§ **Task brief**:
Only lines holding "define" are needed; copy each of them from the data below.

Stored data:

Segment Open

(* For integers $0\le l\le m$, let $d_{l,m}=2^{-2m}\sum_{k=l}^{m}2^{k}\binom{2m-2k}{m-k}\binom{m+k}{m}\binom{k}{l}$. Then $$d_{l,m}=\sum_{j=0}^{l}\sum_{s=0}^{m-l}\sum_{k=s+l}^{m}\frac{(-1)^{k-l-s}}{2^{3k}}\binom{2k}{k}\binom{2m+1}{2s+2j}\binom{m-s-j}{m-k}\binom{s+j}{j}\binom{k-s-j}{l-j}.$$ Equivalently, with $P_m(a)=\sum_{l=0}^m d_{l,m}a^l$, $$P_{m}(a)=\sum_{j=0}^{m}\binom{2m+1}{2j}(a+1)^{j}\sum_{k=0}^{m-j}\binom{m-j}{k}\binom{2(m-k)}{m-k}2^{-3(m-k)}(a-1)^{m-k-j}.$$
   Context: Binomial coefficients $\binom{n}{k}$ with $k<0$ or $k>n$ (for $n\ge 0$) are taken to be $0$. *)

theory Defs
  imports Complex_Main
begin

definition d_coef :: "nat \<Rightarrow> nat \<Rightarrow> real" where
  "d_coef l m = (1 / 2 ^ (2*m)) *
     (\<Sum>k=l..m. 2 ^ k * real ((2*m - 2*k) choose (m - k)) * real ((m + k) choose m) * real (k choose l))"

definition P_poly :: "nat \<Rightarrow> real \<Rightarrow> real" where
  "P_poly m a = (\<Sum>l=0..m. d_coef l m * a ^ l)"

end

theory Submission
  imports Defs
begin

text \<open>
  Both claims are statements about the polynomial P_m(a) = sum_l d_(l,m) a^l.
  Writing P_m in powers of a+1 gives  P_m(a) = sum_n e(m,n) (a+1)^n  with
  e(m,n) = 2^(n-2m) C(2m-2n,m-n) C(m+n,m).  The right-hand side Q_m(a) of the polynomial
  identity is re-expanded in powers of a+1 as well: substituting a-1 = (a+1)-2 (a Taylor
  shift) its coefficient of (a+1)^n becomes a product  even_coef m n * shift_coef m n  of
  two binomial sums.  Both sums have closed forms:
    sum_J C(2m+1,2J) C(m-J,n-J) = 4^n C(m+n,2n)   (the polynomial sum_J C(2m+1,2J) w^J (1+w)^(m-J)
       is an even part of (sqrt(1+w) + sqrt w)^(2m+1) and satisfies the Morgan-Voyce recurrence),
    sum_t C(p,t) (-1/4)^t C(2n+2t,n+t) = (2p)! (2n)! / (4^p p! n! (n+p)!)   (induction on p),
  and their product is exactly e(m,n); this proves P_m = Q_m.  Expanding (a+1)^j (a-1)^r in
  Q_m(a) in powers of a and reindexing the resulting triple sum shows that the coefficient of
  a^l in Q_m(a) is the triple sum of the theorem, and comparing coefficients gives the formula
  for d_(l,m).
\<close>

lemma sum_triangle:
  fixes g :: "nat \<Rightarrow> nat \<Rightarrow> 'a::comm_monoid_add"
  shows "(\<Sum>i\<le>m. \<Sum>j\<le>m-i. g i j) = (\<Sum>k\<le>m. \<Sum>i\<le>k. g i (k - i))"
  using sum.triangle_reindex_eq[of g m] by (simp add: pairs_le_eq_Sigma sum.Sigma)

text \<open>Polynomials that agree on [0, oo) have the same coefficients: their difference
  would otherwise have only finitely many roots.\<close>
lemma coeffs_eq_on_nonneg:
  fixes c d :: "nat \<Rightarrow> real"
  assumes "\<And>w. w \<ge> 0 \<Longrightarrow> (\<Sum>i\<le>n. c i * w^i) = (\<Sum>i\<le>n. d i * w^i)" and "k \<le> n"
  shows "c k = d k"
proof (rule ccontr)
  assume ne: "c k \<noteq> d k"
  have "finite {w. (\<Sum>i\<le>n. (c i - d i) * w^i) = 0}"
    by (rule polyfun_roots_finite[of "\<lambda>i. c i - d i" k]) (use ne assms(2) in auto)
  moreover have "{0::real..} \<subseteq> {w. (\<Sum>i\<le>n. (c i - d i) * w^i) = 0}"
    using assms(1) by (auto simp: left_diff_distrib sum_subtractf)
  ultimately show False using infinite_Ici finite_subset by blast
qed

lemma odd_power_even_part:
  fixes a b :: real
  shows "(a+b)^(2*m+1) + (a-b)^(2*m+1)
       = 2*a*(\<Sum>J\<le>m. real ((2*m+1) choose (2*J)) * (b^2)^J * (a^2)^(m-J))"
proof -
  let ?N = "2*m+1"
  define h where "h k = real (?N choose k) * (b^k + (-b)^k) * a^(?N-k)" for k
  have "(a+b)^?N + (a-b)^?N = (b+a)^?N + (-b+a)^?N"
    by (simp add: add.commute)
  also have "\<dots> = (\<Sum>k\<le>?N. h k)"
    unfolding binomial_ring sum.distrib[symmetric] h_def by (simp add: ring_distribs)
  also have "\<dots> = (\<Sum>k<2*(m+1). if even k then h k else 0)"
    by (rule sum.cong) (auto simp: h_def lessThan_Suc_atMost[symmetric])
  also have "\<dots> = (\<Sum>i<m+1. h (2*i))"
    using sum_split_even_odd[of h "\<lambda>_. 0" "m+1"] by simp
  also have "\<dots> = (\<Sum>i\<le>m. 2*a*(real (?N choose (2*i)) * (b^2)^i * (a^2)^(m-i)))"
  proof (rule sum.cong)
    fix i assume "i \<in> {..m}"
    then have "?N - 2*i = Suc (2*(m-i))" by simp
    then have "a^(?N - 2*i) = a * (a^2)^(m-i)" by (simp only: power_Suc power_mult)
    then show "h (2*i) = 2*a*(real (?N choose (2*i)) * (b^2)^i * (a^2)^(m-i))"
      by (simp add: h_def power_mult[symmetric] algebra_simps)
  qed (simp add: lessThan_Suc_atMost)
  finally show ?thesis by (simp add: sum_distrib_left)
qed

text \<open>E_m(w) = sum_J C(2m+1,2J) w^J (1+w)^(m-J).  Its coefficients are the outer factors
  of the right-hand side of the theorem once everything is written in powers of a+1.\<close>
definition even_sum :: "nat \<Rightarrow> real \<Rightarrow> real" where
  "even_sum m w = (\<Sum>J\<le>m. real ((2*m+1) choose (2*J)) * w^J * (1+w)^(m-J))"

lemma even_sum_sqrt:
  assumes "w \<ge> 0"
  shows "2 * sqrt (1+w) * even_sum m w
       = (sqrt (1+w) + sqrt w)^(2*m+1) + (sqrt (1+w) - sqrt w)^(2*m+1)"
  using assms by (simp only: odd_power_even_part even_sum_def real_sqrt_pow2)

lemma fourth_power_hyperbolic:
  fixes s r :: "'a::comm_ring_1"
  assumes "s^2 - r^2 = 1"
  shows "(s+r)^4 = 2*(s^2+r^2) * (s+r)^2 - 1"
proof -
  have "(s+r)^4 - 2*(s^2+r^2) * (s+r)^2 = -((s^2 - r^2)^2)"
    by (simp add: power2_eq_square power4_eq_xxxx algebra_simps)
  then show ?thesis using assms by (simp add: diff_eq_eq)
qed

lemma odd_power_three_term:
  fixes x c :: "'a::comm_ring_1"
  assumes "x^4 = c * x^2 - 1"
  shows "x^(2*(m+2)+1) = c * x^(2*(m+1)+1) - x^(2*m+1)"
proof -
  have A: "x^(2*(m+2)+1) = x^(2*m+1) * x^4" and B: "x^(2*(m+1)+1) = x^(2*m+1) * x^2"
    by (simp only: power_add[symmetric], rule arg_cong[where f="power x"], simp)+
  show ?thesis unfolding A B assms by (simp add: algebra_simps)
qed

lemma even_sum_rec:
  assumes "w \<ge> 0"
  shows "even_sum (m+2) w = (2+4*w) * even_sum (m+1) w - even_sum m w"
proof -
  define s where "s = sqrt (1+w)"
  define r where "r = sqrt w"
  have s2: "s^2 = 1+w" and r2: "r^2 = w" and pos: "s > 0"
    using assms by (simp_all add: s_def r_def)
  have plus: "(s+r)^4 = (2+4*w) * (s+r)^2 - 1"
    using fourth_power_hyperbolic[of s r] s2 r2 by simp
  have minus: "(s-r)^4 = (2+4*w) * (s-r)^2 - 1"
    using fourth_power_hyperbolic[of s "-r"] s2 r2 by simp
  have rec: "(s+r)^(2*(m+2)+1) = (2+4*w) * (s+r)^(2*(m+1)+1) - (s+r)^(2*m+1)"
            "(s-r)^(2*(m+2)+1) = (2+4*w) * (s-r)^(2*(m+1)+1) - (s-r)^(2*m+1)"
    using odd_power_three_term[OF plus] odd_power_three_term[OF minus] by blast+
  have E: "2 * s * even_sum k w = (s+r)^(2*k+1) + (s-r)^(2*k+1)" for k
    unfolding s_def r_def by (rule even_sum_sqrt[OF assms])
  have "2 * s * even_sum (m+2) w = (2+4*w) * (2 * s * even_sum (m+1) w) - 2 * s * even_sum m w"
    unfolding E rec by (simp add: algebra_simps)
  also have "\<dots> = 2 * s * ((2+4*w) * even_sum (m+1) w - even_sum m w)"
    by (simp add: algebra_simps)
  finally show ?thesis using pos by simp
qed

definition morgan_voyce :: "nat \<Rightarrow> real \<Rightarrow> real" where
  "morgan_voyce m z = (\<Sum>n\<le>m. real ((m+n) choose (2*n)) * z^n)"

lemma morgan_voyce_upto:
  assumes "m \<le> K"
  shows "morgan_voyce m z = (\<Sum>n\<le>K. real ((m+n) choose (2*n)) * z^n)"
  unfolding morgan_voyce_def using assms by (intro sum.mono_neutral_left) auto

text \<open>Pascal's rule applied twice, in the shape needed for the Morgan-Voyce recurrence.\<close>
lemma choose_two_step_pascal:
  "((m+2+n) choose (2*n)) + ((m+n) choose (2*n))
     = 2 * ((m+1+n) choose (2*n)) + (if n = 0 then 0 else (m+n) choose (2*n-2))"
proof (cases n)
  case (Suc k)
  then have "2*n = Suc (Suc (2*k))" "2*n-2 = 2*k" "m+2+n = Suc (Suc (m+n))" "m+1+n = Suc (m+n)"
    by simp_all
  then show ?thesis using Suc by simp
qed simp

text \<open>B_m satisfies the same recurrence as E_m, with z = 4w.\<close>
lemma morgan_voyce_rec:
  "morgan_voyce (m+2) z = (2+z) * morgan_voyce (m+1) z - morgan_voyce m z"
proof -
  let ?K = "Suc (m+1)"
  have coeff: "real ((m+2+n) choose (2*n)) = 2*real ((m+1+n) choose (2*n)) - real ((m+n) choose (2*n))
      + (if n = 0 then 0 else real ((m+n) choose (2*n-2)))" for n
    using arg_cong[OF choose_two_step_pascal[of m n], of real] by (simp split: if_splits)
  have shift: "z * morgan_voyce (m+1) z
      = (\<Sum>n\<le>?K. (if n = 0 then 0 else real ((m+n) choose (2*n-2))) * z^n)"
    unfolding morgan_voyce_def sum.atMost_Suc_shift by (simp add: sum_distrib_left algebra_simps)
  have "morgan_voyce (m+2) z = (\<Sum>n\<le>?K. real ((m+2+n) choose (2*n)) * z^n)"
    by (rule morgan_voyce_upto) simp
  also have "\<dots> = 2 * (\<Sum>n\<le>?K. real ((m+1+n) choose (2*n)) * z^n)
      - (\<Sum>n\<le>?K. real ((m+n) choose (2*n)) * z^n) + z * morgan_voyce (m+1) z"
    unfolding coeff shift by (simp add: sum.distrib sum_subtractf sum_distrib_left algebra_simps)
  also have "\<dots> = (2+z) * morgan_voyce (m+1) z - morgan_voyce m z"
    using morgan_voyce_upto[of "m+1" ?K z] morgan_voyce_upto[of m ?K z] by (simp add: algebra_simps)
  finally show ?thesis .
qed

text \<open>Same initial values and same recurrence, hence E_m(w) = B_m(4w) for w >= 0.\<close>
lemma even_sum_morgan_voyce:
  assumes "w \<ge> 0"
  shows "even_sum m w = morgan_voyce m (4*w)"
proof -
  have "even_sum m w = morgan_voyce m (4*w) \<and> even_sum (m+1) w = morgan_voyce (m+1) (4*w)"
  proof (induction m)
    case 0
    have "(3::nat) choose 2 = 3" "Suc (Suc 0) choose 2 = Suc 0" by (simp_all add: choose_two)
    then show ?case by (simp add: even_sum_def morgan_voyce_def)
  next
    case (Suc m)
    then show ?case using even_sum_rec[OF assms, of m] morgan_voyce_rec[of m "4*w"] by simp
  qed
  then show ?thesis by simp
qed

definition even_coef :: "nat \<Rightarrow> nat \<Rightarrow> real" where
  "even_coef m n = (\<Sum>J\<le>n. real ((2*m+1) choose (2*J)) * real ((m-J) choose (n-J)))"

lemma even_sum_expand: "even_sum m w = (\<Sum>n\<le>m. even_coef m n * w^n)"
proof -
  have "even_sum m w
      = (\<Sum>J\<le>m. \<Sum>i\<le>m-J. real ((2*m+1) choose (2*J)) * real ((m-J) choose i) * w^(J+i))"
    unfolding even_sum_def binomial_ring[of w 1, simplified add.commute]
    by (simp add: sum_distrib_left power_add algebra_simps)
  also have "\<dots> = (\<Sum>n\<le>m. even_coef m n * w^n)"
    unfolding sum_triangle even_coef_def by (simp add: sum_distrib_right)
  finally show ?thesis .
qed

lemma even_coef_closed:
  assumes "n \<le> m"
  shows "even_coef m n = 4^n * real ((m+n) choose (2*n))"
proof (rule coeffs_eq_on_nonneg[OF _ assms])
  fix w :: real assume "w \<ge> 0"
  then show "(\<Sum>i\<le>m. even_coef m i * w^i) = (\<Sum>i\<le>m. 4^i * real ((m+i) choose (2*i)) * w^i)"
    by (simp add: even_sum_morgan_voyce flip: even_sum_expand)
       (simp add: morgan_voyce_def algebra_simps)
qed

lemma binomial_sum_Suc:
  fixes g :: "nat \<Rightarrow> 'a::comm_semiring_1"
  shows "(\<Sum>t\<le>Suc p. of_nat (Suc p choose t) * g t)
       = (\<Sum>t\<le>p. of_nat (p choose t) * g t) + (\<Sum>t\<le>p. of_nat (p choose t) * g (Suc t))"
proof -
  have "(\<Sum>t\<le>Suc p. of_nat (Suc p choose t) * g t)
      = g 0 + (\<Sum>t\<le>p. of_nat (p choose Suc t) * g (Suc t)) + (\<Sum>t\<le>p. of_nat (p choose t) * g (Suc t))"
    by (subst sum.atMost_Suc_shift) (simp add: sum.distrib algebra_simps)
  also have "g 0 + (\<Sum>t\<le>p. of_nat (p choose Suc t) * g (Suc t)) = (\<Sum>t\<le>Suc p. of_nat (p choose t) * g t)"
    by (subst sum.atMost_Suc_shift) simp
  finally show ?thesis by (simp add: binomial_eq_0)
qed

definition central_alt_sum :: "nat \<Rightarrow> nat \<Rightarrow> real" where
  "central_alt_sum n p = (\<Sum>t\<le>p. real (p choose t) * (-1/4)^t * real ((2*(n+t)) choose (n+t)))"

definition central_alt_value :: "nat \<Rightarrow> nat \<Rightarrow> real" where
  "central_alt_value n p = fact (2*p) * fact (2*n) / (4^p * fact p * fact n * fact (n+p))"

Segment Closed

§ **Answer area**:
  define h where "h k = real (?N choose k) * (b^k + (-b)^k) * a^(?N-k)" for k
  define s where "s = sqrt (1+w)"
  define r where "r = sqrt w"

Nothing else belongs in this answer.